Problem details: Your job with the data below is to output exactly the lines from the one holding "by (intro no_induced_banner[OF" down to the one holding "proof (induction m)", both included, and no others.

Stored data:
⟨

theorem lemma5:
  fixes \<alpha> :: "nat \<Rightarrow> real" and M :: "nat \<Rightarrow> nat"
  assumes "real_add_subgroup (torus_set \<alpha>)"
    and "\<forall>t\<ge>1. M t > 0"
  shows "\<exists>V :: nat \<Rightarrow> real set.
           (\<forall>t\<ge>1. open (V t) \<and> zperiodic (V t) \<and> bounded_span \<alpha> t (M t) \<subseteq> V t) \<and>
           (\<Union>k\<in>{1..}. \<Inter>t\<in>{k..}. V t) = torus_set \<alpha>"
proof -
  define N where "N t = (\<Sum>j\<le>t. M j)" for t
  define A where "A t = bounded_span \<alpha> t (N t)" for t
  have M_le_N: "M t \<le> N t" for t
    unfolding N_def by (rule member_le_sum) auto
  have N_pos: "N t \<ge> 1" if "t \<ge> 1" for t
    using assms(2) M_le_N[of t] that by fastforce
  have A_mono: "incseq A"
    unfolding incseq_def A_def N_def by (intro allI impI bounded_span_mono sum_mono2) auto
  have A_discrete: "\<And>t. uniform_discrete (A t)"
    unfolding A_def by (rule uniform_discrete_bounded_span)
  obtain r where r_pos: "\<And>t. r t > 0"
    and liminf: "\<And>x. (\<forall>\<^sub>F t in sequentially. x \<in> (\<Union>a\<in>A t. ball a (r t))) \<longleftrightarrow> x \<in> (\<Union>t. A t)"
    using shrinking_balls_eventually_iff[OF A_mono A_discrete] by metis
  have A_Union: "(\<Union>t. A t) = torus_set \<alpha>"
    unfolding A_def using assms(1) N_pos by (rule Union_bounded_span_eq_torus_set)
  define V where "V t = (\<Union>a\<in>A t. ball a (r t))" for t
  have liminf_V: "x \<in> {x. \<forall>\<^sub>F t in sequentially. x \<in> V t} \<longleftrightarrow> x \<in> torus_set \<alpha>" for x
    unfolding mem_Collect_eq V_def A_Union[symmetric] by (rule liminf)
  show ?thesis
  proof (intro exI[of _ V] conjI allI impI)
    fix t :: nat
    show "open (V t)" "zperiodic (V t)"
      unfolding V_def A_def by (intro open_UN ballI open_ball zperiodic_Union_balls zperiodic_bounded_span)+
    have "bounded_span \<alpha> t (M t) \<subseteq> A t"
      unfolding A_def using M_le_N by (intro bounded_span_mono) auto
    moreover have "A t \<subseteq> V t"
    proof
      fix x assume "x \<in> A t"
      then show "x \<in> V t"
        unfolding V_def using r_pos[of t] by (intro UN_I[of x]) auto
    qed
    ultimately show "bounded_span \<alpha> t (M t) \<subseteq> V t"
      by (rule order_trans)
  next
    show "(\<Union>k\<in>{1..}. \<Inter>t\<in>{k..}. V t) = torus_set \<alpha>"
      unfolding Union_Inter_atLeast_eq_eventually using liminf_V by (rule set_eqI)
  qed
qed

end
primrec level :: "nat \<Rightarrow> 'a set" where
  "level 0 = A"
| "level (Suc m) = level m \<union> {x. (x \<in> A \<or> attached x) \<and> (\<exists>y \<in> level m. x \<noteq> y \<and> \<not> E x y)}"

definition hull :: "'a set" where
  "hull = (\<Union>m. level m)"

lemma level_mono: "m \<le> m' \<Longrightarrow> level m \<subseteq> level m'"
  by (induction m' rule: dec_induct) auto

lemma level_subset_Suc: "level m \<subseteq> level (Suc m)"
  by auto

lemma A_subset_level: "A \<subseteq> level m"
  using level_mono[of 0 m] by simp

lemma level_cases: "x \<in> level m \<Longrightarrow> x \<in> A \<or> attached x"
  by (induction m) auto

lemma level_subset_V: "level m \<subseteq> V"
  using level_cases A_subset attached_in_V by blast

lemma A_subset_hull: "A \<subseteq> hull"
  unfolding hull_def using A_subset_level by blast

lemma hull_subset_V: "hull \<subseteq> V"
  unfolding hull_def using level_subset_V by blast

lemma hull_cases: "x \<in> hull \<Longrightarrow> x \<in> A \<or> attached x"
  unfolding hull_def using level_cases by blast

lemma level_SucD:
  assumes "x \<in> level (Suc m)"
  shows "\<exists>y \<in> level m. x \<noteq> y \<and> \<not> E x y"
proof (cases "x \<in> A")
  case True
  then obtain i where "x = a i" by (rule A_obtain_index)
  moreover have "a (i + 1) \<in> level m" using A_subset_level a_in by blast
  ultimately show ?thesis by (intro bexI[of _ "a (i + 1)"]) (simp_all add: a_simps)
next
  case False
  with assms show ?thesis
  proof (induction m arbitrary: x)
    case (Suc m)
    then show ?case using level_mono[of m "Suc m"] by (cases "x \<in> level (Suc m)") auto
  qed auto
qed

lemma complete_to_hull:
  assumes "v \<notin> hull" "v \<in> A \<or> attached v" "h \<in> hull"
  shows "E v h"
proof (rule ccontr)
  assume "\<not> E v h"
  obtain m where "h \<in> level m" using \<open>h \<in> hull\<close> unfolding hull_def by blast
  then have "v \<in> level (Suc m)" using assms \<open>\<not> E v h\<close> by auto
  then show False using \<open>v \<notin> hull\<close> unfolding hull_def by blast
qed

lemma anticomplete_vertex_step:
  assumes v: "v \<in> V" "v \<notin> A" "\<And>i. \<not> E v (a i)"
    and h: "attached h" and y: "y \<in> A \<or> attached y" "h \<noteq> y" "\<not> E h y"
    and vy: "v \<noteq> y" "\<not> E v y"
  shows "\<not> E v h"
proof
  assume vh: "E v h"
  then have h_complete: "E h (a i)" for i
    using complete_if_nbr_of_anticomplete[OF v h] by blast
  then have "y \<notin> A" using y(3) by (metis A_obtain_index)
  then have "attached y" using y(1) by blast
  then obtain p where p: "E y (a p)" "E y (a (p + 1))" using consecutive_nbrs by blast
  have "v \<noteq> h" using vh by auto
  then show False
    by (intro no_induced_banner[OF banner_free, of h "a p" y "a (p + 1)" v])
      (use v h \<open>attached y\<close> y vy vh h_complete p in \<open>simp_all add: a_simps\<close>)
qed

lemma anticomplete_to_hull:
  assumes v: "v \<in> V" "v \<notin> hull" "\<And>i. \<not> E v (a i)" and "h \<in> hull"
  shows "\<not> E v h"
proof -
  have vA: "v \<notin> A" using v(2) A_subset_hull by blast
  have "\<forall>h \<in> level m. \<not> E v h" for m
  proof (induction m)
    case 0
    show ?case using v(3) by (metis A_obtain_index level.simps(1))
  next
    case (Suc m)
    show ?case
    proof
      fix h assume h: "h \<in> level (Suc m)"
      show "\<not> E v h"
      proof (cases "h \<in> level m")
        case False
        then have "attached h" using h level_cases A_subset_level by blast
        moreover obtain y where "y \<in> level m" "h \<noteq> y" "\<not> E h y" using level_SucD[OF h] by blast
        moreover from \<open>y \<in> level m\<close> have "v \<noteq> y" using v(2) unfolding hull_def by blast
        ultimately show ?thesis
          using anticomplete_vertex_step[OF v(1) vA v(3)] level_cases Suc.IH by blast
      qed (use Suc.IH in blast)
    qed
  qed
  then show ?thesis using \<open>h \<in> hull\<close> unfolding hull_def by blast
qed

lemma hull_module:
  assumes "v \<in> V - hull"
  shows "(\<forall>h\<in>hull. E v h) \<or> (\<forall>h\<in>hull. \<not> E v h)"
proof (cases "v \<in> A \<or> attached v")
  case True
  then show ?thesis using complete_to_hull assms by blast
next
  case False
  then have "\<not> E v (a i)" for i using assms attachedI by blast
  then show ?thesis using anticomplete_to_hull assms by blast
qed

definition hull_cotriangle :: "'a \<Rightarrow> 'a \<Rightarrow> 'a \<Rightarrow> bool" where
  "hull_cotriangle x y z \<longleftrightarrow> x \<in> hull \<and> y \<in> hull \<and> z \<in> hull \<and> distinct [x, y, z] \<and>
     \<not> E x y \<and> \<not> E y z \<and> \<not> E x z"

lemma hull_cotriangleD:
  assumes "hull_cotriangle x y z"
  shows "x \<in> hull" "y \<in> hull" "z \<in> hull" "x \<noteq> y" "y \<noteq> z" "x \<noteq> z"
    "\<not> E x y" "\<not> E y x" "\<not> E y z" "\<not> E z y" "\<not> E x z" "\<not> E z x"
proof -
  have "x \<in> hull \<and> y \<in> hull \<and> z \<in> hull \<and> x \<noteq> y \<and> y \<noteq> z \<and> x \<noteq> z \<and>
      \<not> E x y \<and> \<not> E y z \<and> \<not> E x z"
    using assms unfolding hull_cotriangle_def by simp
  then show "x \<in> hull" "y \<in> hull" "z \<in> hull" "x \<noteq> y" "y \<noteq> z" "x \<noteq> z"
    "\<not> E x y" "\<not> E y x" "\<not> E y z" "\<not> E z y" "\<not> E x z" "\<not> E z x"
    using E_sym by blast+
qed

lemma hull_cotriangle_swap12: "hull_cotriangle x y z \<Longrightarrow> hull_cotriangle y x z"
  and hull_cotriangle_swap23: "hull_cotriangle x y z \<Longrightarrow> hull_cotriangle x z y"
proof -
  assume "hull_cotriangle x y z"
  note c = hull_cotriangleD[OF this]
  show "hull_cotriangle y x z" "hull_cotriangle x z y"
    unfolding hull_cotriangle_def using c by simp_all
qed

⟩

Answer to this exercise:
    by (intro no_induced_banner[OF banner_free, of h "a p" y "a (p + 1)" v])
      (use v h \<open>attached y\<close> y vy vh h_complete p in \<open>simp_all add: a_simps\<close>)
qed

lemma anticomplete_to_hull:
  assumes v: "v \<in> V" "v \<notin> hull" "\<And>i. \<not> E v (a i)" and "h \<in> hull"
  shows "\<not> E v h"
proof -
  have vA: "v \<notin> A" using v(2) A_subset_hull by blast
  have "\<forall>h \<in> level m. \<not> E v h" for m
  proof (induction m)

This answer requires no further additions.